# Masteron and Acne



## grind4it (Mar 5, 2013)

I'm just curious; am I the only one who get acne when blasting Mast? It's like junior prom over here.


----------



## 63Vette (Mar 5, 2013)

DHT derivative and very androgenic - so it is actually to be expected brother. 

No worries bro, once you get that tuxedo off the women will be all over you! 


Much Respect,
Vette


----------



## grind4it (Mar 5, 2013)

I hear ya brother, I've had mild acne from the DHT family before, but not like this. It's comical. I'm about 5 weeks in and I'm thinking it getting worse. If it gets much worse I'm going to have to cut bait. Lol! I look hideous!


----------



## TheLupinator (Mar 5, 2013)

I got it bad on my last cycle (test/mast), mostly on my shoulders. Don't scratch it, shower immediately after you workout, or at the very least go into the bathroom and rinse your face and shoulders to get the sweat off. Also get some Noxzema or something like it.


----------



## ken Sass (Mar 5, 2013)

yup all over the shoulders,


----------



## SFGiants (Mar 5, 2013)

I don't get it haven't since the 7th grade


----------



## grind4it (Mar 5, 2013)

I'm getting "those looks" in the locker room at the gym...I'm not talking about the ones that end up in someone dropping the soap either.


----------



## grind4it (Mar 5, 2013)

You're a lucky man. I normally don't get acne unless my E2 is high and at that point it is limited to my back. This time it looks almost like a rash of white heads all over my chest. It started the second week and has gotten progressively worse.



SFGiants said:


> I don't get it haven't since the 7th grade


----------



## SFGiants (Mar 5, 2013)

grind4it said:


> You're a lucky man. I normally don't get acne unless my E2 is high and at that point it is limited to my back. This time it looks almost like a rash of white heads all over my chest. It started the second week and has gotten progressively worse.



I'm also 44 years old with hair on my head like I had in the 7th grade.


----------



## grind4it (Mar 5, 2013)

It's official....I fuckin hate you man 



SFGiants said:


> I'm also 44 years old with hair on my head like I had in the 7th grade.


----------



## 63Vette (Mar 5, 2013)

Shower immediately after workouts. Wear a T shirt  under dress shirts. Have momma wipe your shoulders and back down with this : http://m.cvs.com/mt/www.cvs.com/shop/product-detail/Clearasil-Ultra-Rapid-Action-Pads?skuId=311560&WT.mc_id=Shopping_Google_PLA

Make sure you drink plenty of water too brother.

Best of luck and much respect,
Vette


----------



## Yaya (Mar 5, 2013)

Hair falling out, hard ons,acne, and prostate pressure.

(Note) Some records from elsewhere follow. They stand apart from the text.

lemma qSwap_qSwap:
  fixes X :: "('i, 'b, 'vs, 'v, 'o) qTerm" and A :: "('i, 'b, 'vs, 'v, 'o) qAbs"
  shows "qSwap zs a b (qSwap zs c d X) = qSwap zs (sw c a b) (sw d a b) (qSwap zs a b X)"
    and "qSwapAbs zs a b (qSwapAbs zs c d A) = qSwapAbs zs (sw c a b) (sw d a b) (qSwapAbs zs a b A)"
  by (induction X and A rule: qTerm_qAbs_induct)
     (auto simp: sw_sw[of _ c d a b] map_option_comp_comp intro!: map_option_comp_cong)

lemma qSwap_commute:
  fixes X :: "('i, 'b, 'vs, 'v, 'o) qTerm" and A :: "('i, 'b, 'vs, 'v, 'o) qAbs"
  shows "zs \<noteq> zs' \<Longrightarrow> qSwap zs a b (qSwap zs' c d X) = qSwap zs' c d (qSwap zs a b X)"
    and "zs \<noteq> zs' \<Longrightarrow> qSwapAbs zs a b (qSwapAbs zs' c d A) = qSwapAbs zs' c d (qSwapAbs zs a b A)"
  by (induction X and A rule: qTerm_qAbs_induct)
     (auto simp: map_option_comp_comp intro!: map_option_comp_cong)

lemma qSwap_same[simp]:
  fixes X :: "('i, 'b, 'vs, 'v, 'o) qTerm" and A :: "('i, 'b, 'vs, 'v, 'o) qAbs"
  shows "qSwap zs a a X = X" "qSwapAbs zs a a A = A"
  by (induction X and A rule: qTerm_qAbs_induct) (auto intro!: map_option_comp_ident)

lemma qSwap_qSwap_sorts:
  "qSwap xs (if xs = zs then sw y a b else y) (if xs = zs then sw x a b else x) (qSwap zs a b X)
   = qSwap zs a b (qSwap xs y x X)"
  using qSwap_qSwap(1)[of zs a b y x X] qSwap_commute(1)[of zs xs a b y x X]
  by (cases "xs = zs") auto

at times some of the sides I have dealt with when using mast


----------



## R1rider (Mar 5, 2013)

i only get acne on my upper back and rear delts, no where else. It pisses me off. I have been using a medicated acne soap, which is helping

i get it on test e(anything over 400mg), deca, npp. Surprisingly never got it on tren and test p for some reason.


----------



## R1rider (Mar 5, 2013)

its not a whole lot, but every now and then i get a big one on my upper back


----------



## jennerrator (Mar 5, 2013)

Thank god I don't get acne from any of this stuff...I will get a random zit here and there but that's it!


----------



## 63Vette (Mar 5, 2013)

Jenner said:


> Thank god I don't get acne from any of this stuff...I will get a random zit here and there but that's it!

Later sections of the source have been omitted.